Info regulator to approach Hawks, SSA over Viewfines leak
Investigations are underway after yet another major data leak involving an online traffic fine information service.
The Information Regulator will be writing to the Hawks and the State Security Agency to offer its assistance with the investigation into the recent leak of close to one million records.
It emerged last week that a server, containing more than 934 000 records, including roughly 788 000 unique email addresses, was published online.
The compromised information includes plain-text passwords, ID numbers, as well as contact particulars, among others.
The file is believed to belong to the online traffic fine service Viewfines.co.za, which has admitted the leak - seemingly accidental - could have come from its site.
One of its owners, Stephen Birkholtz, said Friday they were still trying to determine how the data was exposed.
ALSO READ: Hawks probing Viewfines leak
Advocate Pansy Tlakula, who was appointed as the Information Regulator in 2016, says they have now also written to the Aggregated Payment Systems (APS) to express concern over the leak.

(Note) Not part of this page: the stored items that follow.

section \<open>Fourth moments of the derivative of the stochastic convolution\<close>

lemma nn_integral_mode_sum_power4_le:
  fixes w :: "nat \<Rightarrow> real \<Rightarrow> 'a \<Rightarrow> real"
  assumes M: "prob_space M" and L: "L > 0"
    and bm: "\<forall>k\<ge>1. std_bm M (w k)"
    and indep: "prob_space.indep_vars M (\<lambda>_. Pi\<^sub>M UNIV (\<lambda>_. borel)) (\<lambda>k \<omega> t. w k t \<omega>) {1..}"
    and \<alpha>: "\<forall>k\<ge>1. \<bar>\<alpha> k\<bar> \<le> K" and t: "0 \<le> t" "t \<le> 1" and G: "G \<ge> 0" and e: "e < 3/4"
    and d: "\<And>k. k \<ge> 1 \<Longrightarrow> (d k)\<^sup>2 \<le> G * fourier_freq L bc k powr (2 + e)"
  shows "(\<integral>\<^sup>+\<omega>. ennreal ((\<Sum>k=1..N. \<alpha> k * d k *
             wiener_int (\<lambda>s. exp (A_eigenvalue L \<nu> bc k * (t - s))) (w k) t \<omega>)^4) \<partial>M)
           \<le> ennreal (3 * (K\<^sup>2 * variance_const \<nu> * scaled_zeta L (7/4 - e))\<^sup>2 * G\<^sup>2 * t powr (1/8))"
proof (cases "t = 0")
  case True
  then show ?thesis by (simp add: wiener_int_at_0)
next
  case False
  then have t_pos: "t > 0" using t by simp
  define V where "V k = variance_const \<nu> * t powr (1/16) * fourier_freq L bc k powr (-15/4)" for k
  define S where "S = (\<Sum>k=1..N. (\<alpha> k * d k)\<^sup>2 * V k)"
  have "(\<integral>\<^sup>+\<omega>. ennreal ((\<Sum>k=1..N. \<alpha> k * d k *
             wiener_int (\<lambda>s. exp (A_eigenvalue L \<nu> bc k * (t - s))) (w k) t \<omega>)^4) \<partial>M)
        \<le> ennreal (3 * S\<^sup>2)"
    unfolding S_def
  proof (rule nn_integral_sum_wiener_int_fourth_power_le[OF M _ _ _ t_pos])
    show "prob_space.indep_vars M (\<lambda>_. Pi\<^sub>M UNIV (\<lambda>_. borel)) (\<lambda>k \<omega> t. w k t \<omega>) {1..N}"
      by (rule prob_space.indep_vars_subset[OF M indep]) auto
    show "(\<lambda>n. wiener_sum (\<lambda>s. exp (A_eigenvalue L \<nu> bc k * (t - s))) (w k) t n \<omega>)
            \<longlonglongrightarrow> wiener_int (\<lambda>s. exp (A_eigenvalue L \<nu> bc k * (t - s))) (w k) t \<omega>"
      if "k \<in> {1..N}" "\<omega> \<in> space M" for k \<omega>
      using bm that t
      by (intro wiener_sum_tendsto[OF _ _ _ exp_integrand_has_derivative]) (auto intro!: continuous_intros)
    show "wiener_sum_var (\<lambda>s. exp (A_eigenvalue L \<nu> bc k * (t - s))) t n \<le> V k"
      if "k \<in> {1..N}" "n > 0" for k n
    proof -
      have "fourier_freq L bc k > 0" using fourier_freq_pos[OF L] that by simp
      from wiener_sum_var_eigen_le[OF this t_pos t(2) \<open>n > 0\<close>, where \<theta> = "1/16" and \<nu> = \<nu>]
      show ?thesis by (simp add: A_eigenvalue_def V_def)
    qed
  qed (use bm in auto)
  also have "\<dots> \<le> ennreal (3 * (K\<^sup>2 * G * variance_const \<nu> * scaled_zeta L (7/4 - e) * t powr (1/16))\<^sup>2)"
  proof -
    have "S \<le> K\<^sup>2 * G * variance_const \<nu> * scaled_zeta L (7/4 - e) * t powr (1/16)"
      unfolding S_def V_def by (rule sum_mode_variance_le[OF L \<alpha> G e d])
    moreover have "S \<ge> 0"
      unfolding S_def V_def using variance_const_ge_1[of \<nu>] by (intro sum_nonneg) auto
    ultimately show ?thesis by (intro ennreal_leI mult_left_mono power_mono) auto
  qed
  also have "(K\<^sup>2 * G * variance_const \<nu> * scaled_zeta L (7/4 - e) * t powr (1/16))\<^sup>2
      = (K\<^sup>2 * variance_const \<nu> * scaled_zeta L (7/4 - e))\<^sup>2 * G\<^sup>2 * t powr (1/8)"
    by (simp add: power_mult_distrib power2_eq_square mult_ac flip: powr_add)
  finally show ?thesis by (simp add: mult.assoc)
qed

text \<open>With \<open>\<theta> = 1/16\<close> each mode has variance at most \<open>C t powr (1/16) q powr (-15/4)\<close>.
  The derivative contributes \<open>q\<^sup>2\<close> at a point and \<open>q powr (2 + 5/8) \<bar>x - y\<bar> powr (5/8)\<close> for an
  increment, leaving the convergent series of \<open>q powr (-7/4)\<close> and \<open>q powr (-9/8)\<close>; the fourth
  moments of the increments then scale like \<open>\<bar>x - y\<bar> powr (1 + 1/4)\<close>.\<close>
definition stoch_conv_deriv_const :: "real \<Rightarrow> real \<Rightarrow> real \<Rightarrow> real" where
  "stoch_conv_deriv_const L \<nu> K = kolmogorov_const (1/4) L *
     (3 * (K\<^sup>2 * variance_const \<nu> * scaled_zeta L (7/4))\<^sup>2 * (2 / L)\<^sup>2
      + 3 * (K\<^sup>2 * variance_const \<nu> * scaled_zeta L (9/8))\<^sup>2 * (8 / L)\<^sup>2)"

lemma deriv_stoch_conv:
  "deriv (\<lambda>y. stoch_conv L \<nu> bc \<alpha> w N t y \<omega>) x =
     (\<Sum>k=1..N. \<alpha> k * fourier_mode_deriv L bc k x *
        wiener_int (\<lambda>s. exp (A_eigenvalue L \<nu> bc k * (t - s))) (w k) t \<omega>)"
  unfolding stoch_conv_def
  by (intro DERIV_imp_deriv DERIV_sum DERIV_cmult_right DERIV_cmult fourier_mode_has_derivative)

lemma nn_integral_sup_deriv_stoch_conv_le:
  fixes w :: "nat \<Rightarrow> real \<Rightarrow> 'a \<Rightarrow> real"
  assumes M: "prob_space M" and L: "L > 0"
    and bm: "\<forall>k\<ge>1. std_bm M (w k)"
    and indep: "prob_space.indep_vars M (\<lambda>_. Pi\<^sub>M UNIV (\<lambda>_. borel)) (\<lambda>k \<omega> t. w k t \<omega>) {1..}"
    and K: "\<forall>k\<ge>1. \<bar>\<alpha> k\<bar> \<le> K" and t: "0 \<le> t" "t \<le> 1"
  shows "(\<integral>\<^sup>+\<omega>. ennreal ((SUP x\<in>{0..L}. \<bar>deriv (\<lambda>y. stoch_conv L \<nu> bc \<alpha> w N t y \<omega>) x\<bar>)^4) \<partial>M)
           \<le> ennreal (stoch_conv_deriv_const L \<nu> K * t powr (1/8))"
proof -
  define Z where "Z k = wiener_int (\<lambda>s. exp (A_eigenvalue L \<nu> bc k * (t - s))) (w k) t" for k
  define F where "F \<omega> x = (\<Sum>k=1..N. \<alpha> k * fourier_mode_deriv L bc k x * Z k \<omega>)" for \<omega> x
  note mode_moment = nn_integral_mode_sum_power4_le[OF M L bm indep K t, where \<nu> = \<nu> and N = N and bc = bc,
      folded Z_def]
  have "(fourier_mode_deriv L bc k 0)\<^sup>2 \<le> 2 / L * fourier_freq L bc k powr (2 + 0)" if "k \<ge> 1" for k
    using fourier_mode_deriv_sq_le[OF L that] by simp
  then have start: "(\<integral>\<^sup>+\<omega>. ennreal ((F \<omega> 0)^4) \<partial>M)
      \<le> ennreal (3 * (K\<^sup>2 * variance_const \<nu> * scaled_zeta L (7/4))\<^sup>2 * (2 / L)\<^sup>2 * t powr (1/8))"
    using mode_moment[of "2 / L" 0] L by (simp add: F_def)
  have incr: "(\<integral>\<^sup>+\<omega>. ennreal ((F \<omega> x - F \<omega> y)^4) \<partial>M)
      \<le> ennreal (3 * (K\<^sup>2 * variance_const \<nu> * scaled_zeta L (9/8))\<^sup>2 * (8 / L)\<^sup>2 * t powr (1/8)
                 * \<bar>x - y\<bar> powr (1 + 1/4))" for x y
  proof -
    have F_diff: "F \<omega> x - F \<omega> y
        = (\<Sum>k=1..N. \<alpha> k * (fourier_mode_deriv L bc k x - fourier_mode_deriv L bc k y) * Z k \<omega>)" for \<omega>
      by (simp add: F_def algebra_simps flip: sum_subtractf)
    have "(fourier_mode_deriv L bc k x - fourier_mode_deriv L bc k y)\<^sup>2
        \<le> 8 / L * \<bar>x - y\<bar> powr (5/8) * fourier_freq L bc k powr (2 + 5/8)" if "k \<ge> 1" for k
      using fourier_mode_deriv_diff_sq_le[OF L that, of "5/8"] by simp
    then have "(\<integral>\<^sup>+\<omega>. ennreal ((F \<omega> x - F \<omega> y)^4) \<partial>M)
        \<le> ennreal (3 * (K\<^sup>2 * variance_const \<nu> * scaled_zeta L (7/4 - 5/8))\<^sup>2
                   * (8 / L * \<bar>x - y\<bar> powr (5/8))\<^sup>2 * t powr (1/8))"
      unfolding F_diff using L by (intro mode_moment) auto
    also have "(8 / L * \<bar>x - y\<bar> powr (5/8))\<^sup>2 = (8 / L)\<^sup>2 * \<bar>x - y\<bar> powr (1 + 1/4)"
      by (simp add: power_mult_distrib power2_eq_square flip: powr_add)
    finally show ?thesis by (simp add: mult_ac)
  qed
  have cont: "continuous_on {0..L} (F \<omega>)" for \<omega>
    unfolding F_def by (intro continuous_intros continuous_on_fourier_mode_deriv)
  have meas: "(\<lambda>\<omega>. F \<omega> x) \<in> borel_measurable M" for x
    unfolding F_def Z_def using bm t
    by (auto intro!: borel_measurable_sum borel_measurable_times wiener_int_exp_measurable)
  have "(\<integral>\<^sup>+\<omega>. ennreal ((SUP x\<in>{0..L}. \<bar>F \<omega> x\<bar>)^4) \<partial>M)
      \<le> ennreal (stoch_conv_deriv_const L \<nu> K * t powr (1/8))"
    using nn_integral_sup_power4_le_kolmogorov[OF _ L _ _ cont meas start incr]
    by (simp add: stoch_conv_deriv_const_def algebra_simps)
  moreover have "deriv (\<lambda>y. stoch_conv L \<nu> bc \<alpha> w N t y \<omega>) x = F \<omega> x" for \<omega> x
    by (simp add: deriv_stoch_conv F_def Z_def)
  ultimately show ?thesis by simp
qed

According to its LinkedIn page, APS - with which Birkholtz is also associated - is a "database of outstanding fines collected on behalf of contracted service providers".
It further states APS has contracts with three major banks - Absa, FNB, and Standard bank; the Post Office and; retailers such as Pick n Pay, Shoprite Checkers, and Spar.
These service providers are linked with traffic law enforcement agencies and Viewfines - the company states - "brings all this information together for the public under one umbrella".
It is unclear whether the compromised information belongs only to motorists who have registered with Viewfines, or whether a larger group of motorists are implicated.
But Jacarandafm News has managed confirm at least one email address registered with Viewfines has been implicated, according to am email-check on haveibeenpwned.com
(Click here to see if your email address was among the 788 000 thousand exposed)
Proactive protection of information
Tlakula admits, as certain sections of the Protection of Personal Information Act (POPI) are yet to come in effect, her office is unable to take steps against information holders for compromising data.
"We cannot take any concrete action against them," she said by phone, "but we encourage all responsible parties to ensure that they get used to the idea of complying with the Act."
This is the second major data breach in South Africa since October 2017.
Around 60 million records, in a file named 'Master Deeds', was discovered on a publicly accessibly server, in what is now being described as the biggest leak of personal information that South Africa has seen.
The Hawks expects an updated report into its investigation into the incident some time this week.